Collaboration in the product design space has never been easy, but it's a whole new ball game today. Gone are the days when the engineer or domain expert central to a design problem or project task was just a stone's throw away or even right across town. Today's product development teams operate as a global business, yet there is still a need to communicate and share critical documents and design files just as easily as if everyone was working from a central location.
Not only does product-related data need to be easily accessible by multiple design centers around the world, it should also be available day or night across different time zones, affording engineering teams the benefit of 24/7 or "follow the sun" development processes. The data and materials must be served up in the native languages of each country so engineers have ready access to what they need in a format they can easily understand. Collaboration on a global scale has to work similarly to collaboration with local peers so design decisions can be made quickly, without misinterpretation and without taking a toll on critical project deadlines.
Beyond globalization, there are other challenges helping to rewrite the rules of collaboration. Today's complex products have a much more varied makeup, requiring a higher degree of interchange between different engineering domains, including mechanical, electrical, analysis, manufacturing, and increasingly, software development. These disciplines can no longer get away with creating their piece of a product in isolated silos, only stepping up to exchange design information at random intervals or even worse, at the tail end of the cycle when it's far too complicated and costly to make changes.
There is also a wider constituency of stakeholders involved in product development today. Marketing folks, supply chain experts, support personnel and outside partners are now critical to the design process, providing input and feedback that helps shape everything from requirements gathering to on-going maintenance procedures. Most development efforts also tap into customer input throughout the various stages of design as well as outsourced design partners, upping the ante for collaboration capabilities that can easily be extended to outside parties.

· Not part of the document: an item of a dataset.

(* Let $n\ge 2$, $d_1,\dots,d_n\ge 1$, $L_i\in\mathbb{C}^{d_i\times d_i}$ ($i=1,\dots,n$) and $C_{i,i-1}\in\mathbb{C}^{d_i\times d_{i-1}}$ ($i=2,\dots,n$). Assume: (i) each $L_i$ is invertible and diagonalizable, $L_iV_i=V_i\Lambda_i$ with $V_i$ invertible and $\Lambda_i=\mathrm{diag}(\lambda_{i,1},\dots,\lambda_{i,d_i})$; (ii) $\sigma(L_i)\cap\sigma(L_j)=\emptyset$ for all $i\neq j$; (iii) $\|L_1\|<\|L_2\|<\cdots<\|L_n\|\le 1$. Then for every $i\in\{2,\dots,n\}$, every $x=(x_1,\dots,x_n)$ and every $t\ge 0$, $$\Pi_i\circ\mathsf{Lin}^{\circ t}(x)=\sum_{j=1}^{i}(-1)^{i-j}D_{i,j}L_j^t\,\mathsf{pert}_j(x_1,\dots,x_j).$$
   Context: Each $\mathbb{C}^{d_i}$ carries a fixed norm and matrices the induced operator norm. $\Pi_i(x_1,\dots,x_n)=x_i$; $\mathsf{Lin}(x_1,\dots,x_n)=(L_1x_1,\;L_2x_2+C_{2,1}x_1,\;\dots,\;L_nx_n+C_{n,n-1}x_{n-1})$ and $\mathsf{Lin}^{\circ t}$ is its $t$-fold iterate. Matrices $D_{i,j}\in\mathbb{C}^{d_i\times d_j}$ ($1\le j\le i\le n$) are defined recursively in $i$: $D_{i,i}=I_{d_i}$; for $i\ge 2$ and $1\le j\le i-1$, $\tilde C_{i,j}\in\mathbb{C}^{d_i\times d_j}$ has entries $[\tilde C_{i,j}]_{\ell,m}=[V_i^{-1}C_{i,i-1}D_{i-1,j}V_j]_{\ell,m}(1-\lambda_{j,m}/\lambda_{i,\ell})^{-1}$ and $D_{i,j}=L_i^{-1}V_i\tilde C_{i,j}V_j^{-1}$. The maps $\mathsf{pert}_i:\mathbb{C}^{d_1}\times\cdots\times\mathbb{C}^{d_i}\to\mathbb{C}^{d_i}$ are $\mathsf{pert}_1(x_1)=x_1$ and $\mathsf{pert}_i(x_1,\dots,x_i)=x_i+\sum_{j=1}^{i-1}(-1)^{i-1-j}D_{i,j}\mathsf{pert}_j(x_1,\dots,x_j)$ for $i\ge 2$. *)

theory Defs
  imports "Jordan_Normal_Form.Spectral_Radius" "Jordan_Normal_Form.Gauss_Jordan_Elimination"
begin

In recognition of these challenges, the latest version of Adept tackles collaboration on a variety of levels with an eye towards streamlining and simplifying the process for extended, global teams. One of the more notable enhancements in Adept 2015 is the concept of Sharing, which lets users share more than documents, and now with entire groups as opposed to the individual exchange popularized in previous versions. With Adept 2015, users can easily and quickly share documents in addition to saved searches, favorites lists, report templates, and transmittal templates and searches with other Adept users that they specify through the new personal group capability.
Adept's new personal group function helps establish ad hoc groups of users—for instance, those working on a common project or with similar disciplines—so they can easily exchange key information and engage in other forms of collaboration.
Companies with large numbers of Adept users are all-too familiar with the pain of trying to find and create user lists to share documents and other critical design-related data. A new concept called Circles borrows from the "friends" paradigm popularized by consumer social networks and allows an Adept user to establish a compounded group of users to shorten user lists and facilitate collaboration. Users within a circle are typically members of a common Personal Group and library access group.
Transmittals are another area that has been enhanced to aid in collaboration. Adept 2015 now exposes previously inaccessible data that is pertinent to the exchange, giving users a window into who sent the material along with all of the relevant contact information. There are also expanded search capabilities so users can drill down and easily find relevant transmittals related to their specific task or project.
To address the global element of collaboration, Adept 2015 fully embraces localization. Menus, window titles, buttons, and messages are now all available in other languages, and administrators can leverage a translation module to localize custom field names, email message headers, and subject lines, among other attributes. The Adept Viewer is also now available in other languages.
The complexity of today's products and the global nature of business have raised the stakes around collaboration. Geographically dispersed teams need the ability to find and share critical product-related data as easily as if it was stored locally even if it's a continent or time zone away.